▸ MATERIAL SUPPLIED:
#####

(* Let $n,d\ge1$, $B>0$ and $\epsilon_i>0$. For a voter $i$ with dataset $D_i=\{\langle X_1,Z_1\rangle,\dots,\langle X_n,Z_n\rangle\}$, $X_j,Z_j\in\mathbb{R}^d$, let $\overline{\boldsymbol\beta}_i(D_i)$ be a (deterministically chosen) maximizer of $\mathcal{L}(\boldsymbol\beta,D_i)=\sum_{j=1}^n\ln\Phi(\boldsymbol\beta^\top(X_j-Z_j))$ over $\{\boldsymbol\beta\in\mathbb{R}^d:\|\boldsymbol\beta\|_1\le B\}$, where $\Phi$ is the standard normal CDF. Consider the randomized algorithm (Algorithm 2) that outputs $\overline{\boldsymbol\beta}_i^*(D_i)=\overline{\boldsymbol\beta}_i(D_i)+\boldsymbol R$, where $\boldsymbol R$ has $d$ independent coordinates, each a zero-mean Laplace variable with scale $2B/\epsilon_i$. Then for each voter $i$ this algorithm satisfies $\epsilon_i$-differential privacy both in the voter-level distributed sense (VLDP) and in the record-level distributed sense (RLDP).
   Context: VLDP: for any two datasets $D_i,D_i'$ of voter $i$, each consisting of $n$ records (arbitrarily different), and any measurable set $\mathcal{Y}$ of outputs, $\Pr[Y_i(D_i)\in\mathcal{Y}]\le e^{\epsilon_i}\Pr[Y_i(D_i')\in\mathcal{Y}]$. RLDP: the same inequality required only for pairs $D_i,D_i'$ of $n$-record datasets differing in exactly one record. The Laplace distribution with scale $\lambda$ has density $\frac{1}{2\lambda}e^{-|x|/\lambda}$. *)

theory Defs
  imports "HOL-Probability.Probability"
begin

type_synonym 'd rec = "(real ^ 'd) \<times> (real ^ 'd)"
type_synonym 'd dataset = "'d rec list"

definition Phi :: "real \<Rightarrow> real" where
  "Phi x = measure (density lborel std_normal_density) {..x}"

definition loglik :: "real ^ 'd \<Rightarrow> 'd dataset \<Rightarrow> real" where
  "loglik \<beta> D = (\<Sum>j<length D. ln (Phi (\<beta> \<bullet> (fst (D ! j) - snd (D ! j)))))"

definition l1norm :: "real ^ 'd \<Rightarrow> real" where
  "l1norm \<beta> = (\<Sum>i\<in>UNIV. \<bar>\<beta> $ i\<bar>)"

definition laplace_density :: "real \<Rightarrow> real \<Rightarrow> real" where
  "laplace_density s x = exp (- \<bar>x\<bar> / s) / (2 * s)"

definition laplace_measure :: "real \<Rightarrow> real measure" where
  "laplace_measure s = density lborel (\<lambda>x. ennreal (laplace_density s x))"

definition laplace_noise :: "real \<Rightarrow> (real ^ 'd::finite) measure" where
  "laplace_noise s =
     distr (PiM UNIV (\<lambda>_. laplace_measure s)) borel (\<lambda>f. \<chi> i. f i)"

definition alg2 :: "('d dataset \<Rightarrow> real ^ 'd::finite) \<Rightarrow> real \<Rightarrow> real \<Rightarrow> 'd dataset
                    \<Rightarrow> (real ^ 'd) measure" where
  "alg2 betabar B \<epsilon> D = distr (laplace_noise (2 * B / \<epsilon>)) borel (\<lambda>r. betabar D + r)"

definition VLDP :: "('a list \<Rightarrow> 'b measure) \<Rightarrow> nat \<Rightarrow> real \<Rightarrow> bool" where
  "VLDP M n \<epsilon> \<longleftrightarrow>
     (\<forall>D D' Y. length D = n \<longrightarrow> length D' = n \<longrightarrow> Y \<in> sets (M D) \<longrightarrow>
        measure (M D) Y \<le> exp \<epsilon> * measure (M D') Y)"

definition RLDP :: "('a list \<Rightarrow> 'b measure) \<Rightarrow> nat \<Rightarrow> real \<Rightarrow> bool" where
  "RLDP M n \<epsilon> \<longleftrightarrow>
     (\<forall>D D' Y. length D = n \<longrightarrow> length D' = n \<longrightarrow>
        card {j. j < n \<and> D ! j \<noteq> D' ! j} = 1 \<longrightarrow> Y \<in> sets (M D) \<longrightarrow>
        measure (M D) Y \<le> exp \<epsilon> * measure (M D') Y)"

end

theory Submission
  imports Defs
begin

text \<open>The outputs of Algorithm 2 on two datasets are the same product Laplace law translated by the
two estimates. Translating the product density by \<open>c\<close> changes it pointwise by a factor of at most
\<open>exp (\<parallel>c\<parallel>\<^sub>1 / s)\<close>, so the probability of any event grows by at most that factor. Both estimates
lie in the \<open>\<ell>\<^sub>1\<close>-ball of radius \<open>B\<close>, so they differ by at most \<open>2B\<close> in \<open>\<ell>\<^sub>1\<close>, and the scale
\<open>s = 2B/\<epsilon>\<close> turns the factor into \<open>e\<^sup>\<epsilon>\<close>. This holds for arbitrary pairs of datasets (VLDP), and
pairs differing in one record are a special case (RLDP).\<close>

lemma indicator_PiE_UNIV:
  "(indicator (Pi\<^sub>E UNIV A) x :: ennreal) = (\<Prod>i\<in>(UNIV::'i::finite set). indicator (A i) (x i))"
proof (cases "\<forall>i. x i \<in> A i")
  case False
  then obtain j where "x j \<notin> A j" by blast
  then show ?thesis
    using prod_zero[of UNIV "\<lambda>i. indicator (A i) (x i) :: ennreal"]
    by (auto simp: indicator_def PiE_UNIV_domain)
qed (simp add: PiE_UNIV_domain)

lemma PiM_density:
  fixes M :: "'i::finite \<Rightarrow> 'a measure" and g :: "'i \<Rightarrow> 'a \<Rightarrow> ennreal"
  assumes M: "\<And>i. sigma_finite_measure (M i)"
    and g[measurable]: "\<And>i. g i \<in> borel_measurable (M i)"
    and g_finite: "\<And>i. AE x in M i. g i x \<noteq> \<infinity>"
  shows "PiM UNIV (\<lambda>i. density (M i) (g i)) = density (PiM UNIV M) (\<lambda>x. \<Prod>i\<in>UNIV. g i (x i))"
    (is "_ = ?D")
proof -
  interpret M: product_sigma_finite M
    using M by (simp add: product_sigma_finite_def)
  interpret Mg: product_sigma_finite "\<lambda>i. density (M i) (g i)"
    using g_finite
    by (simp add: product_sigma_finite_def sigma_finite_measure.sigma_finite_iff_density_finite[OF M])
  show ?thesis
  proof (rule Mg.PiM_eqI[symmetric])
    show "sets ?D = sets (PiM UNIV (\<lambda>i. density (M i) (g i)))"
      by (simp cong: sets_PiM_cong)
    fix A assume "\<And>i. i \<in> UNIV \<Longrightarrow> A i \<in> sets (density (M i) (g i))"
    then have A[measurable]: "A i \<in> sets (M i)" for i by simp
    have "emeasure ?D (Pi\<^sub>E UNIV A)
          = (\<integral>\<^sup>+x. (\<Prod>i\<in>UNIV. g i (x i) * indicator (A i) (x i)) \<partial>PiM UNIV M)"
      by (subst emeasure_density)
         (auto intro!: sets_PiM_I_finite nn_integral_cong simp: indicator_PiE_UNIV prod.distrib)
    also have "\<dots> = (\<Prod>i\<in>UNIV. \<integral>\<^sup>+y. g i y * indicator (A i) y \<partial>M i)"
      by (rule M.product_nn_integral_prod) auto
    also have "\<dots> = (\<Prod>i\<in>UNIV. emeasure (density (M i) (g i)) (A i))"
      by (simp add: emeasure_density)
    finally show "emeasure ?D (Pi\<^sub>E UNIV A) = (\<Prod>i\<in>UNIV. emeasure (density (M i) (g i)) (A i))" .
  qed simp
qed

lemma distr_PiM_lborel_translate:
  fixes c :: "'i::finite \<Rightarrow> 'a::euclidean_space"
  shows "distr (PiM UNIV (\<lambda>_. lborel)) (PiM UNIV (\<lambda>_. lborel)) (\<lambda>x i. x i + c i)
       = PiM UNIV (\<lambda>_. lborel)"
    (is "distr ?L ?L ?translate = ?L")
proof -
  interpret L: product_sigma_finite "\<lambda>_::'i. lborel :: 'a measure"
    by (simp add: product_sigma_finite_def lborel.sigma_finite_measure_axioms)
  have translate[measurable]: "?translate \<in> ?L \<rightarrow>\<^sub>M ?L"
    by (rule measurable_PiM_single') auto
  have lborel_translate: "emeasure lborel ((\<lambda>y. y + b) -` B) = emeasure lborel B"
    if [measurable]: "B \<in> sets borel" for b :: 'a and B
  proof -
    have "(\<lambda>y. y + b) = (+) b" by (auto simp: add.commute)
    then show ?thesis
      using emeasure_distr[of "(+) b" lborel borel B] by (simp add: lborel_distr_plus)
  qed
  show ?thesis
  proof (rule L.PiM_eqI)
    fix A :: "'i \<Rightarrow> 'a set" assume "\<And>i. i \<in> UNIV \<Longrightarrow> A i \<in> sets lborel"
    then have A[measurable]: "A i \<in> sets borel" for i by simp
    have "?translate -` Pi\<^sub>E UNIV A \<inter> space ?L = Pi\<^sub>E UNIV (\<lambda>i. (\<lambda>y. y + c i) -` A i)"
      by (auto simp: space_PiM PiE_UNIV_domain)
    then have "emeasure (distr ?L ?L ?translate) (Pi\<^sub>E UNIV A)
          = emeasure ?L (Pi\<^sub>E UNIV (\<lambda>i. (\<lambda>y. y + c i) -` A i))"
      by (subst emeasure_distr) (auto intro!: sets_PiM_I_finite)
    also have "\<dots> = (\<Prod>i\<in>UNIV. emeasure lborel ((\<lambda>y. y + c i) -` A i))"
      using measurable_sets[of "\<lambda>y. y + c _" borel borel] by (intro L.emeasure_PiM) auto
    finally show "emeasure (distr ?L ?L ?translate) (Pi\<^sub>E UNIV A)
          = (\<Prod>i\<in>UNIV. emeasure lborel (A i))"
      by (simp add: lborel_translate)
  qed simp_all
qed

lemma emeasure_density_le_mult:
  assumes [measurable]: "f \<in> borel_measurable M" "g \<in> borel_measurable M" "A \<in> sets M"
    and le: "AE x in M. f x \<le> K * g x"
  shows "emeasure (density M f) A \<le> K * emeasure (density M g) A"
proof -
  have "emeasure (density M f) A = (\<integral>\<^sup>+x. f x * indicator A x \<partial>M)"
    by (simp add: emeasure_density)
  also have "\<dots> \<le> (\<integral>\<^sup>+x. K * (g x * indicator A x) \<partial>M)"
    using le by (intro nn_integral_mono_AE) (auto simp: mult.assoc split: split_indicator)
  also have "\<dots> = K * emeasure (density M g) A"
    by (simp add: emeasure_density nn_integral_cmult)
  finally show ?thesis .
qed

lemma laplace_density_pos: "s > 0 \<Longrightarrow> laplace_density s x > 0"
  unfolding laplace_density_def by simp

lemma borel_measurable_laplace_density[measurable]: "laplace_density s \<in> borel_measurable borel"
  unfolding laplace_density_def by measurable

lemma laplace_density_shift_le:
  assumes "s > 0"
  shows "laplace_density s (x - c) \<le> exp (\<bar>c\<bar> / s) * laplace_density s x"
proof -
  have "- \<bar>x - c\<bar> / s \<le> \<bar>c\<bar> / s + - \<bar>x\<bar> / s"
    using assms by (simp add: divide_right_mono field_simps)
  then have "exp (- \<bar>x - c\<bar> / s) \<le> exp (\<bar>c\<bar> / s) * exp (- \<bar>x\<bar> / s)"
    by (simp flip: exp_add)
  then show ?thesis
    unfolding laplace_density_def using assms by (simp add: divide_right_mono)
qed

lemma laplace_density_eq_exponential:
  assumes "s > 0" "x \<noteq> 0"
  shows "2 * laplace_density s x = exponential_density (1/s) x + exponential_density (1/s) (- x)"
  using assms by (cases "x < 0") (auto simp: laplace_density_def exponential_density_def)

lemma prob_space_laplace_measure:
  assumes "s > 0"
  shows "prob_space (laplace_measure s)"
proof
  let ?e = "exponential_density (1/s)"
  have e: "(\<integral>\<^sup>+x. ennreal (?e x) \<partial>lborel) = 1"
    using prob_space.emeasure_space_1[OF prob_space_exponential_density, of "1/s"] assms
    by (simp add: emeasure_density)
  have e_neg: "(\<integral>\<^sup>+x. ennreal (?e (- x)) \<partial>lborel) = 1"
    using e by (subst lborel_distr_uminus[symmetric]) (simp add: nn_integral_distr)
  have "2 * (\<integral>\<^sup>+x. ennreal (laplace_density s x) \<partial>lborel)
        = (\<integral>\<^sup>+x. ennreal (2 * laplace_density s x) \<partial>lborel)"
    using assms laplace_density_pos[OF assms]
    by (subst nn_integral_cmult[symmetric]) (auto simp: ennreal_mult less_imp_le)
  also have "\<dots> = (\<integral>\<^sup>+x. ennreal (?e x) + ennreal (?e (- x)) \<partial>lborel)"
    using assms
    by (intro nn_integral_cong_AE eventually_mono[OF AE_lborel_singleton[of 0]])
       (simp add: laplace_density_eq_exponential exponential_density_nonneg flip: ennreal_plus)
  also have "\<dots> = 2"
    by (subst nn_integral_add) (auto simp: e e_neg)
  finally have "(\<integral>\<^sup>+x. ennreal (laplace_density s x) \<partial>lborel) = 1"
    using ennreal_mult_cancel_left[of 2 _ 1] by simp
  then show "emeasure (laplace_measure s) (space (laplace_measure s)) = 1"
    by (simp add: laplace_measure_def emeasure_density)
qed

#####

▸ ASSIGNED TASK: Note every line above where the string "symmetric" shows up, and copy those lines.

▸ FINAL ANSWER:
  proof (rule Mg.PiM_eqI[symmetric])
    using e by (subst lborel_distr_uminus[symmetric]) (simp add: nn_integral_distr)
    by (subst nn_integral_cmult[symmetric]) (auto simp: ennreal_mult less_imp_le)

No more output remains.